Not that she is illogical; but she usually sees
through, without observing the steps in the process which a boy must
discern before he can comprehend the subject presented to his mind. In
the use of the eye, the ear, the voice, and in the appropriation of
whatever may be commanded without the highest exercise of the reasoning
and reflective faculties, she is incomparably superior. She accepts
moral truth without waiting for a demonstration, and she obeys the law
founded upon it without being its slave. She instinctively prefers good
manners to faulty habits; and, in the requirements of family, social,
and fashionable life, she is better educated at sixteen than her brother
is at twenty. She is an adept in one only of the vices of the
school--whispering--and in that she excels. But she does not so readily
resort to the great vice--the crime of falsehood--as do her companions
of the other sex. I call falsehood the great vice, because, if this were
unknown, tardiness, truancy, obscenity, and profanity, could not thrive.
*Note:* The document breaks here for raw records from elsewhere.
lemma gen_eq_axis: "gen i = axis {i} 1"
  by (simp add: gen_def axis_def vec_eq_iff)

lemma clsc_one_clmul [simp]: "clsc 1 \<odot> a = (a :: ('k::{finite,linorder}) clif)"
  by (subst (1 2) basis_expansion[of a, symmetric])
    (simp add: clsc_one_eq_axis scalar_mult_eq_scaleR clmul.sum_right clmul.scaleR_right
      clmul_axis_axis blade_sign_def)

lemma clmul_clsc_one [simp]: "a \<odot> clsc 1 = (a :: ('k::{finite,linorder}) clif)"
  by (subst (1 2) basis_expansion[of a, symmetric])
    (simp add: clsc_one_eq_axis scalar_mult_eq_scaleR clmul.sum_left clmul.scaleR_left
      clmul_axis_axis blade_sign_def)

lemma gen_clmul_gen:
  "gen i \<odot> gen j = (if i = j then - clsc 1 else - (gen j \<odot> gen i :: ('k::{finite,linorder}) clif))"
proof -
  have "blade_sign {i} {j} = (if i = j then -1 else if j < i then -1 else 1)" for i j :: "'k option"
  proof -
    have "{(s, t). s = i \<and> t = j \<and> t < s} = (if j < i then {(i, j)} else {})" by auto
    then show ?thesis by (auto simp: blade_sign_def)
  qed
  then show ?thesis
    by (auto simp: gen_eq_axis clsc_one_eq_axis clmul_axis_axis Un_commute)
qed

lemma gen_clmul_gen_self [simp]:
  "gen i \<odot> gen i = - (clsc 1 :: ('k::{finite,linorder}) clif)"
  "gen i \<odot> (gen i \<odot> a) = - a"
  by (simp_all add: gen_clmul_gen clmul_assoc[symmetric] clmul.minus_left)

lemma gen_Some_clmul_gen_None [simp]:
  "gen (Some k) \<odot> gen None = - (gen None \<odot> gen (Some k) :: ('k::{finite,linorder}) clif)"
  "gen (Some k) \<odot> (gen None \<odot> a) = - (gen None \<odot> (gen (Some k) \<odot> a))"
  by (simp_all add: gen_clmul_gen[of "Some k" None] clmul_assoc[symmetric] clmul.minus_left)

lemma gen_anticommutator:
  "gen i \<odot> gen j + gen j \<odot> gen i
    = (if i = j then - (clsc 1 + clsc 1) else (0 :: ('k::{finite,linorder}) clif))"
  by (cases "i = j") (simp_all add: gen_clmul_gen[of i j] gen_clmul_gen[of j j])

lemma double_sum_symmetrize:
  "(\<Sum>k\<in>I. \<Sum>l\<in>I. f k l) + (\<Sum>k\<in>I. \<Sum>l\<in>I. f k l)
    = (\<Sum>k\<in>I. \<Sum>l\<in>I. f k l + f l k :: 'a::comm_monoid_add)"
  by (subst (2) sum.swap) (simp add: sum.distrib)

lemma add_self_eq_iff: "x + x = y + y \<longleftrightarrow> x = (y :: 'a::real_vector)"
  by (metis scaleR_2 scaleR_cancel_left zero_neq_numeral)

lemma gen_double_sum_left:
  fixes D :: "'k::{finite,linorder} \<Rightarrow> 'k \<Rightarrow> 'k clif"
  assumes sym: "\<And>k l. D k l = D l k"
  shows "(\<Sum>k\<in>UNIV. \<Sum>l\<in>UNIV. gen (Some k) \<odot> (gen (Some l) \<odot> D k l)) = - (\<Sum>k\<in>UNIV. D k k)"
proof -
  have pair: "gen (Some k) \<odot> (gen (Some l) \<odot> D k l) + gen (Some l) \<odot> (gen (Some k) \<odot> D l k)
      = (if k = l then - (D k k + D k k) else 0)" for k l
  proof -
    have "gen (Some k) \<odot> (gen (Some l) \<odot> D k l) + gen (Some l) \<odot> (gen (Some k) \<odot> D l k)
        = (gen (Some k) \<odot> gen (Some l) + gen (Some l) \<odot> gen (Some k)) \<odot> D k l"
      by (simp only: sym[of l k] clmul_assoc clmul.add_left)
    then show ?thesis
      by (cases "k = l") (simp_all only: gen_anticommutator option.inject simp_thms if_True if_False
          clmul.minus_left clmul.add_left clsc_one_clmul clmul.zero_left)
  qed
  have "(\<Sum>k\<in>UNIV. \<Sum>l\<in>UNIV. gen (Some k) \<odot> (gen (Some l) \<odot> D k l))
      + (\<Sum>k\<in>UNIV. \<Sum>l\<in>UNIV. gen (Some k) \<odot> (gen (Some l) \<odot> D k l))
      = - (\<Sum>k\<in>UNIV. D k k) + - (\<Sum>k\<in>UNIV. D k k)"
    by (simp add: double_sum_symmetrize pair sum.distrib sum_negf sum_distrib_left)
  then show ?thesis by (simp only: add_self_eq_iff)
qed

lemma gen_double_sum_right:
  fixes D :: "'k::{finite,linorder} \<Rightarrow> 'k \<Rightarrow> 'k clif"
  assumes sym: "\<And>k l. D k l = D l k"
  shows "(\<Sum>k\<in>UNIV. \<Sum>l\<in>UNIV. D k l \<odot> (gen (Some l) \<odot> gen (Some k))) = - (\<Sum>k\<in>UNIV. D k k)"
proof -
  have pair: "D k l \<odot> (gen (Some l) \<odot> gen (Some k)) + D l k \<odot> (gen (Some k) \<odot> gen (Some l))
      = (if k = l then - (D k k + D k k) else 0)" for k l
  proof -
    have "D k l \<odot> (gen (Some l) \<odot> gen (Some k)) + D l k \<odot> (gen (Some k) \<odot> gen (Some l))
        = D k l \<odot> (gen (Some l) \<odot> gen (Some k) + gen (Some k) \<odot> gen (Some l))"
      by (simp only: sym[of l k] clmul.add_right)
    then show ?thesis
      by (cases "k = l") (simp_all only: gen_anticommutator option.inject eq_commute[of l k] simp_thms
          if_True if_False clmul.minus_right clmul.add_right clmul_clsc_one clmul.zero_right)
  qed
  have "(\<Sum>k\<in>UNIV. \<Sum>l\<in>UNIV. D k l \<odot> (gen (Some l) \<odot> gen (Some k)))
      + (\<Sum>k\<in>UNIV. \<Sum>l\<in>UNIV. D k l \<odot> (gen (Some l) \<odot> gen (Some k)))
      = - (\<Sum>k\<in>UNIV. D k k) + - (\<Sum>k\<in>UNIV. D k k)"
    by (simp add: double_sum_symmetrize pair sum.distrib sum_negf sum_distrib_left)
  then show ?thesis by (simp only: add_self_eq_iff)
qed

section \<open>Directional derivatives and smooth functions\<close>

definition has_pd ::
  "('a::real_normed_vector \<Rightarrow> 'b::real_normed_vector) \<Rightarrow> 'a \<Rightarrow> 'a \<Rightarrow> 'b \<Rightarrow> bool" where
  "has_pd f x d v \<longleftrightarrow> ((\<lambda>t. f (x + t *\<^sub>R d)) has_vector_derivative v) (at 0)"

lemma pd_eqI: "has_pd f x d v \<Longrightarrow> pd f x d = v"
  unfolding has_pd_def pd_def by (rule vector_derivative_at)

lemma has_pd_const: "has_pd (\<lambda>z. c) x d 0"
  unfolding has_pd_def by simp

lemma has_pd_add: "has_pd f x d v \<Longrightarrow> has_pd g x d w \<Longrightarrow> has_pd (\<lambda>z. f z + g z) x d (v + w)"
  unfolding has_pd_def by (rule has_vector_derivative_add)

lemma has_pd_diff: "has_pd f x d v \<Longrightarrow> has_pd g x d w \<Longrightarrow> has_pd (\<lambda>z. f z - g z) x d (v - w)"
  unfolding has_pd_def by (rule has_vector_derivative_diff)

lemma has_pd_sum:
  "(\<And>i. i \<in> I \<Longrightarrow> has_pd (f i) x d (v i)) \<Longrightarrow> has_pd (\<lambda>z. \<Sum>i\<in>I. f i z) x d (\<Sum>i\<in>I. v i)"
  unfolding has_pd_def by (rule has_vector_derivative_sum)

lemma has_pd_bounded_linear:
  "bounded_linear L \<Longrightarrow> has_pd f x d v \<Longrightarrow> has_pd (\<lambda>z. L (f z)) x d (L v)"
  unfolding has_pd_def by (rule bounded_linear.has_vector_derivative)

lemma has_pd_minus: "has_pd f x d v \<Longrightarrow> has_pd (\<lambda>z. - f z) x d (- v)"
  by (rule has_pd_bounded_linear[OF bounded_linear_minus[OF bounded_linear_ident]])

lemma has_pd_scaleR: "has_pd f x d v \<Longrightarrow> has_pd (\<lambda>z. c *\<^sub>R f z) x d (c *\<^sub>R v)"
  by (rule has_pd_bounded_linear[OF bounded_linear_scaleR_right])

lemma has_pd_clmul_left: "has_pd f x d v \<Longrightarrow> has_pd (\<lambda>z. c \<odot> f z) x d (c \<odot> v)"
  by (rule has_pd_bounded_linear[OF clmul.bounded_linear_right])

lemma has_pd_clmul_right: "has_pd f x d v \<Longrightarrow> has_pd (\<lambda>z. f z \<odot> c) x d (v \<odot> c)"
  by (rule has_pd_bounded_linear[OF clmul.bounded_linear_left])

lemma has_pd_vec_nth: "has_pd f x d v \<Longrightarrow> has_pd (\<lambda>z. f z $ i) x d (v $ i)"
  by (rule has_pd_bounded_linear[OF bounded_linear_vec_nth])

lemmas has_pd_intros = has_pd_add has_pd_diff has_pd_minus has_pd_scaleR has_pd_sum
  has_pd_clmul_left has_pd_clmul_right

lemma iter_pd_append: "iter_pd f (ds @ [d]) = iter_pd (\<lambda>x. pd f x d) ds"
  by (induction ds) simp_all

lemma smooth_pd: "smooth f \<Longrightarrow> smooth (\<lambda>x. pd f x d)"
  unfolding smooth_def by (metis iter_pd_append)

lemma smooth_has_pd_iter: "smooth f \<Longrightarrow> has_pd (iter_pd f ds) x d (pd (iter_pd f ds) x d)"
  unfolding smooth_def has_pd_def pd_def by (simp add: vector_derivative_works[symmetric])

lemma smooth_has_pd: "smooth f \<Longrightarrow> has_pd f x d (pd f x d)"
  using smooth_has_pd_iter[of f "[]"] by simp

lemma smooth_continuous: "smooth f \<Longrightarrow> continuous (at x) f"
  unfolding smooth_def by (metis iter_pd.simps(1))

lemma smooth_bounded_linear:
  assumes L: "bounded_linear L" and f: "smooth f"
  shows "smooth (\<lambda>x. L (f x))"
proof -
  have iter: "iter_pd (\<lambda>x. L (f x)) ds = (\<lambda>x. L (iter_pd f ds x))" for ds
    by (induction ds) (auto intro!: pd_eqI has_pd_bounded_linear[OF L] smooth_has_pd_iter[OF f])
  have "has_pd (\<lambda>x. L (iter_pd f ds x)) x d (L (pd (iter_pd f ds) x d))" for ds x d
    by (intro has_pd_bounded_linear[OF L] smooth_has_pd_iter[OF f])
  moreover have "continuous (at x) (\<lambda>x. L (iter_pd f ds x))" for ds x
    using f unfolding smooth_def by (blast intro: bounded_linear.continuous[OF L])
  ultimately show ?thesis
    unfolding smooth_def iter has_pd_def by (blast intro: differentiableI_vector)
qed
Holmes has well said that "sin has many tools, but a lie is the handle
that will fit them all."
In many primary and district schools the habits and manners of children
are too much neglected. We associate good habits and good manners with
good morals; and, though we are deceived again and again, and
soliloquize upon the maxim that "all is not gold that glitters," we
instinctively believe, however often we are betrayed.